(* Let $X$ be a random variable with Gamma distribution $\Gamma(\alpha,\theta)$, $\alpha,\theta>0$ (density $\frac{x^{\alpha-1}e^{-x/\theta}}{\theta^\alpha\Gamma(\alpha)}$, $x>0$), and let $s\geq1$ be an integer. If $\alpha\geq 1$, then $X$ is $s$-IFR. If $\alpha<1$, then $X$ is $s$-DFR.
   Context: For a nonnegative random variable $X$ with density $f_X$: set $\overline{T}_{X,0}=f_X$, $\widetilde{\mu}_{X,0}=1$, and for $s\geq1$, $x\geq0$, $\overline{T}_{X,s}(x)=\frac{1}{\widetilde{\mu}_{X,s-1}}\int_x^\infty \overline{T}_{X,s-1}(t)\,dt$ with $\widetilde{\mu}_{X,s}=\int_0^\infty \overline{T}_{X,s}(t)\,dt$. The $s$-iterated failure rate is $r_{X,s}(x)=\frac{\overline{T}_{X,s-1}(x)}{\int_x^\infty \overline{T}_{X,s-1}(t)\,dt}$ for $x\geq 0$ (so $r_{X,1}=f_X/(1-F_X)$). $X$ is called $s$-IFR (resp. $s$-DFR) if $r_{X,s}$ is increasing (resp. decreasing) on $[0,\infty)$. *)

theory Defs
  imports "HOL-Analysis.Analysis"
begin

fun Tbar :: "(real \<Rightarrow> real) \<Rightarrow> nat \<Rightarrow> real \<Rightarrow> real" where
  "Tbar f 0 = f"
| "Tbar f (Suc s) = (\<lambda>x. (LBINT t:{x..}. Tbar f s t) / (LBINT t:{0..}. Tbar f s t))"

definition mu_tilde :: "(real \<Rightarrow> real) \<Rightarrow> nat \<Rightarrow> real" where
  "mu_tilde f s = (LBINT t:{0..}. Tbar f s t)"

definition iter_failure_rate :: "(real \<Rightarrow> real) \<Rightarrow> nat \<Rightarrow> real \<Rightarrow> real" where
  "iter_failure_rate f s x = Tbar f (s - 1) x / (LBINT t:{x..}. Tbar f (s - 1) t)"

definition s_IFR :: "(real \<Rightarrow> real) \<Rightarrow> nat \<Rightarrow> bool" where
  "s_IFR f s \<longleftrightarrow> mono_on {0..} (iter_failure_rate f s)"

text \<open>Decreasing failure rate; checked on (0,inf) since the density of Gamma with
  alpha < 1 is +infinity at 0.\<close>
definition s_DFR :: "(real \<Rightarrow> real) \<Rightarrow> nat \<Rightarrow> bool" where
  "s_DFR f s \<longleftrightarrow> antimono_on {0<..} (iter_failure_rate f s)"

definition gamma_density :: "real \<Rightarrow> real \<Rightarrow> real \<Rightarrow> real" where
  "gamma_density \<alpha> \<theta> x =
     (if x > 0 then x powr (\<alpha> - 1) * exp (- x / \<theta>) / (\<theta> powr \<alpha> * Gamma \<alpha>) else 0)"

end

theory Submission
  imports Defs "HOL-Real_Asymp.Real_Asymp"
begin

(* Write G for the tail integral of a density g and h = g / G for its hazard rate.
   Since G(x) / g(x) is the integral over u >= 0 of the shift ratio g(x+u) / g(x), the hazard
   increases as soon as every shift ratio g(x+t) / g(x) decreases in x (log-concavity).
   Conversely, the derivative of G(x+t) / G(x) is (h(x) - h(x+t)) G(x+t) / G(x), so an
   increasing hazard makes the shift ratios of G decrease. Normalisation affects neither
   property, so monotonicity of the hazard passes from Tbar s to Tbar (s+1). For the Gamma
   density the shift ratio is (1 + t/x) powr (alpha - 1) * exp (- t / theta), decreasing in x
   for alpha >= 1 and increasing for alpha < 1. Multiplying by a sign d = 1 or d = -1 treats
   the IFR and the DFR case at once. *)

definition tail :: "(real \<Rightarrow> real) \<Rightarrow> real \<Rightarrow> real" where
  "tail g x = (LBINT t:{x..}. g t)"

definition hazard :: "(real \<Rightarrow> real) \<Rightarrow> real \<Rightarrow> real" where
  "hazard g x = g x / tail g x"

lemma Tbar_Suc_eq_tail: "Tbar f (Suc s) = (\<lambda>x. tail (Tbar f s) x / tail (Tbar f s) 0)"
  by (simp add: tail_def)

lemma iter_failure_rate_eq_hazard: "iter_failure_rate f s = hazard (Tbar f (s - 1))"
  by (simp add: fun_eq_iff iter_failure_rate_def hazard_def tail_def)

lemma hazard_divide: "c \<noteq> 0 \<Longrightarrow> hazard (\<lambda>x. g x / c) = hazard g"
  by (simp add: fun_eq_iff hazard_def tail_def)

lemma
  assumes "set_integrable lborel {0..} g" "0 \<le> x"
  shows set_integrable_atLeast: "set_integrable lborel {x..} g"
    and integrable_on_atLeast: "g integrable_on {x..}"
    and tail_eq_integral: "tail g x = integral {x..} g"
proof -
  show *: "set_integrable lborel {x..} g"
    by (rule set_integrable_subset[OF assms(1)]) (use assms in auto)
  show "g integrable_on {x..}" "tail g x = integral {x..} g"
    using set_borel_integral_eq_integral[OF *] by (auto simp: tail_def)
qed

lemma integrable_on_Icc_if_atLeast:
  fixes g :: "real \<Rightarrow> real"
  assumes "set_integrable lborel {0..} g" "0 \<le> x"
  shows "g integrable_on {x..y}"
proof -
  have "set_integrable lborel {x..y} g"
    by (rule set_integrable_subset[OF assms(1)]) (use assms in auto)
  then show ?thesis
    using set_borel_integral_eq_integral(1) by blast
qed

lemma tail_split:
  assumes g: "set_integrable lborel {0..} g" and "0 \<le> x" "x \<le> y"
  shows "tail g x = integral {x..y} g + tail g y"
proof -
  have "(g has_integral (integral {x..y} g + integral {y..} g)) ({x..y} \<union> {y..})"
    using assms by (intro has_integral_Un integrable_integral integrable_on_Icc_if_atLeast
        integrable_on_atLeast) auto
  moreover have "{x..y} \<union> {y..} = {x..}"
    using assms by auto
  ultimately show ?thesis
    using assms by (simp add: integral_unique tail_eq_integral[OF g])
qed

lemma tail_nonneg: "(\<And>x. 0 \<le> g x) \<Longrightarrow> 0 \<le> tail g x"
  unfolding tail_def set_lebesgue_integral_def by (intro integral_nonneg_AE) auto

lemma tail_antimono:
  assumes "set_integrable lborel {0..} g" "\<And>x. 0 \<le> g x" "0 \<le> x" "x \<le> y"
  shows "tail g y \<le> tail g x"
  using tail_split[OF assms(1,3,4)] integral_nonneg[OF integrable_on_Icc_if_atLeast[OF assms(1,3)]]
    assms(2) by force

lemma
  assumes g: "set_integrable lborel {0..} g" and "0 \<le> x"
  shows tail_eq_shifted_integral: "tail g x = (LBINT u:{0..}. g (x + u))"
    and set_integrable_shifted: "set_integrable lborel {0..} (\<lambda>u. g (x + u))"
proof -
  have ind: "indicator {x..} (x + u) = (indicator {0..} u :: real)" for u
    by (simp add: indicator_def)
  have "integrable lborel (\<lambda>t. indicator {x..} t *\<^sub>R g t)"
    using set_integrable_atLeast[OF assms] by (simp add: set_integrable_def)
  from lborel_integrable_real_affine[OF this, of 1 x]
  show "set_integrable lborel {0..} (\<lambda>u. g (x + u))"
    by (simp add: set_integrable_def ind)
  show "tail g x = (LBINT u:{0..}. g (x + u))"
    unfolding tail_def set_lebesgue_integral_def
    using lborel_integral_real_affine[of 1 "\<lambda>t. indicator {x..} t *\<^sub>R g t" x]
    by (simp add: ind)
qed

▶ _What you need to do_
What you return must match the entries exactly, word for word.

▶ _Solution to this task_
(* Let $X$ be a random variable with Gamma distribution $\Gamma(\alpha,\theta)$, $\alpha,\theta>0$ (density $\frac{x^{\alpha-1}e^{-x/\theta}}{\theta^\alpha\Gamma(\alpha)}$, $x>0$), and let $s\geq1$ be an integer. If $\alpha\geq 1$, then $X$ is $s$-IFR. If $\alpha<1$, then $X$ is $s$-DFR.
   Context: For a nonnegative random variable $X$ with density $f_X$: set $\overline{T}_{X,0}=f_X$, $\widetilde{\mu}_{X,0}=1$, and for $s\geq1$, $x\geq0$, $\overline{T}_{X,s}(x)=\frac{1}{\widetilde{\mu}_{X,s-1}}\int_x^\infty \overline{T}_{X,s-1}(t)\,dt$ with $\widetilde{\mu}_{X,s}=\int_0^\infty \overline{T}_{X,s}(t)\,dt$. The $s$-iterated failure rate is $r_{X,s}(x)=\frac{\overline{T}_{X,s-1}(x)}{\int_x^\infty \overline{T}_{X,s-1}(t)\,dt}$ for $x\geq 0$ (so $r_{X,1}=f_X/(1-F_X)$). $X$ is called $s$-IFR (resp. $s$-DFR) if $r_{X,s}$ is increasing (resp. decreasing) on $[0,\infty)$. *)

theory Defs
  imports "HOL-Analysis.Analysis"
begin

fun Tbar :: "(real \<Rightarrow> real) \<Rightarrow> nat \<Rightarrow> real \<Rightarrow> real" where
  "Tbar f 0 = f"
| "Tbar f (Suc s) = (\<lambda>x. (LBINT t:{x..}. Tbar f s t) / (LBINT t:{0..}. Tbar f s t))"

definition mu_tilde :: "(real \<Rightarrow> real) \<Rightarrow> nat \<Rightarrow> real" where
  "mu_tilde f s = (LBINT t:{0..}. Tbar f s t)"

definition iter_failure_rate :: "(real \<Rightarrow> real) \<Rightarrow> nat \<Rightarrow> real \<Rightarrow> real" where
  "iter_failure_rate f s x = Tbar f (s - 1) x / (LBINT t:{x..}. Tbar f (s - 1) t)"

definition s_IFR :: "(real \<Rightarrow> real) \<Rightarrow> nat \<Rightarrow> bool" where
  "s_IFR f s \<longleftrightarrow> mono_on {0..} (iter_failure_rate f s)"

text \<open>Decreasing failure rate; checked on (0,inf) since the density of Gamma with
  alpha < 1 is +infinity at 0.\<close>
definition s_DFR :: "(real \<Rightarrow> real) \<Rightarrow> nat \<Rightarrow> bool" where
  "s_DFR f s \<longleftrightarrow> antimono_on {0<..} (iter_failure_rate f s)"

definition gamma_density :: "real \<Rightarrow> real \<Rightarrow> real \<Rightarrow> real" where
  "gamma_density \<alpha> \<theta> x =
     (if x > 0 then x powr (\<alpha> - 1) * exp (- x / \<theta>) / (\<theta> powr \<alpha> * Gamma \<alpha>) else 0)"

end

theory Submission
  imports Defs "HOL-Real_Asymp.Real_Asymp"
begin

(* Write G for the tail integral of a density g and h = g / G for its hazard rate.
   Since G(x) / g(x) is the integral over u >= 0 of the shift ratio g(x+u) / g(x), the hazard
   increases as soon as every shift ratio g(x+t) / g(x) decreases in x (log-concavity).
   Conversely, the derivative of G(x+t) / G(x) is (h(x) - h(x+t)) G(x+t) / G(x), so an
   increasing hazard makes the shift ratios of G decrease. Normalisation affects neither
   property, so monotonicity of the hazard passes from Tbar s to Tbar (s+1). For the Gamma
   density the shift ratio is (1 + t/x) powr (alpha - 1) * exp (- t / theta), decreasing in x
   for alpha >= 1 and increasing for alpha < 1. Multiplying by a sign d = 1 or d = -1 treats
   the IFR and the DFR case at once. *)

definition tail :: "(real \<Rightarrow> real) \<Rightarrow> real \<Rightarrow> real" where
  "tail g x = (LBINT t:{x..}. g t)"

definition hazard :: "(real \<Rightarrow> real) \<Rightarrow> real \<Rightarrow> real" where
  "hazard g x = g x / tail g x"

lemma Tbar_Suc_eq_tail: "Tbar f (Suc s) = (\<lambda>x. tail (Tbar f s) x / tail (Tbar f s) 0)"
  by (simp add: tail_def)

lemma iter_failure_rate_eq_hazard: "iter_failure_rate f s = hazard (Tbar f (s - 1))"
  by (simp add: fun_eq_iff iter_failure_rate_def hazard_def tail_def)

lemma hazard_divide: "c \<noteq> 0 \<Longrightarrow> hazard (\<lambda>x. g x / c) = hazard g"
  by (simp add: fun_eq_iff hazard_def tail_def)

lemma
  assumes "set_integrable lborel {0..} g" "0 \<le> x"
  shows set_integrable_atLeast: "set_integrable lborel {x..} g"
    and integrable_on_atLeast: "g integrable_on {x..}"
    and tail_eq_integral: "tail g x = integral {x..} g"
proof -
  show *: "set_integrable lborel {x..} g"
    by (rule set_integrable_subset[OF assms(1)]) (use assms in auto)
  show "g integrable_on {x..}" "tail g x = integral {x..} g"
    using set_borel_integral_eq_integral[OF *] by (auto simp: tail_def)
qed

lemma integrable_on_Icc_if_atLeast:
  fixes g :: "real \<Rightarrow> real"
  assumes "set_integrable lborel {0..} g" "0 \<le> x"
  shows "g integrable_on {x..y}"
proof -
  have "set_integrable lborel {x..y} g"
    by (rule set_integrable_subset[OF assms(1)]) (use assms in auto)
  then show ?thesis
    using set_borel_integral_eq_integral(1) by blast
qed

lemma tail_split:
  assumes g: "set_integrable lborel {0..} g" and "0 \<le> x" "x \<le> y"
  shows "tail g x = integral {x..y} g + tail g y"
proof -
  have "(g has_integral (integral {x..y} g + integral {y..} g)) ({x..y} \<union> {y..})"
    using assms by (intro has_integral_Un integrable_integral integrable_on_Icc_if_atLeast
        integrable_on_atLeast) auto
  moreover have "{x..y} \<union> {y..} = {x..}"
    using assms by auto
  ultimately show ?thesis
    using assms by (simp add: integral_unique tail_eq_integral[OF g])
qed

lemma tail_nonneg: "(\<And>x. 0 \<le> g x) \<Longrightarrow> 0 \<le> tail g x"
  unfolding tail_def set_lebesgue_integral_def by (intro integral_nonneg_AE) auto

lemma tail_antimono:
  assumes "set_integrable lborel {0..} g" "\<And>x. 0 \<le> g x" "0 \<le> x" "x \<le> y"
  shows "tail g y \<le> tail g x"
  using tail_split[OF assms(1,3,4)] integral_nonneg[OF integrable_on_Icc_if_atLeast[OF assms(1,3)]]
    assms(2) by force

lemma
  assumes g: "set_integrable lborel {0..} g" and "0 \<le> x"
  shows tail_eq_shifted_integral: "tail g x = (LBINT u:{0..}. g (x + u))"
    and set_integrable_shifted: "set_integrable lborel {0..} (\<lambda>u. g (x + u))"
proof -
  have ind: "indicator {x..} (x + u) = (indicator {0..} u :: real)" for u
    by (simp add: indicator_def)
  have "integrable lborel (\<lambda>t. indicator {x..} t *\<^sub>R g t)"
    using set_integrable_atLeast[OF assms] by (simp add: set_integrable_def)
  from lborel_integrable_real_affine[OF this, of 1 x]
  show "set_integrable lborel {0..} (\<lambda>u. g (x + u))"
    by (simp add: set_integrable_def ind)
  show "tail g x = (LBINT u:{0..}. g (x + u))"
    unfolding tail_def set_lebesgue_integral_def
    using lborel_integral_real_affine[of 1 "\<lambda>t. indicator {x..} t *\<^sub>R g t" x]
    by (simp add: ind)
qed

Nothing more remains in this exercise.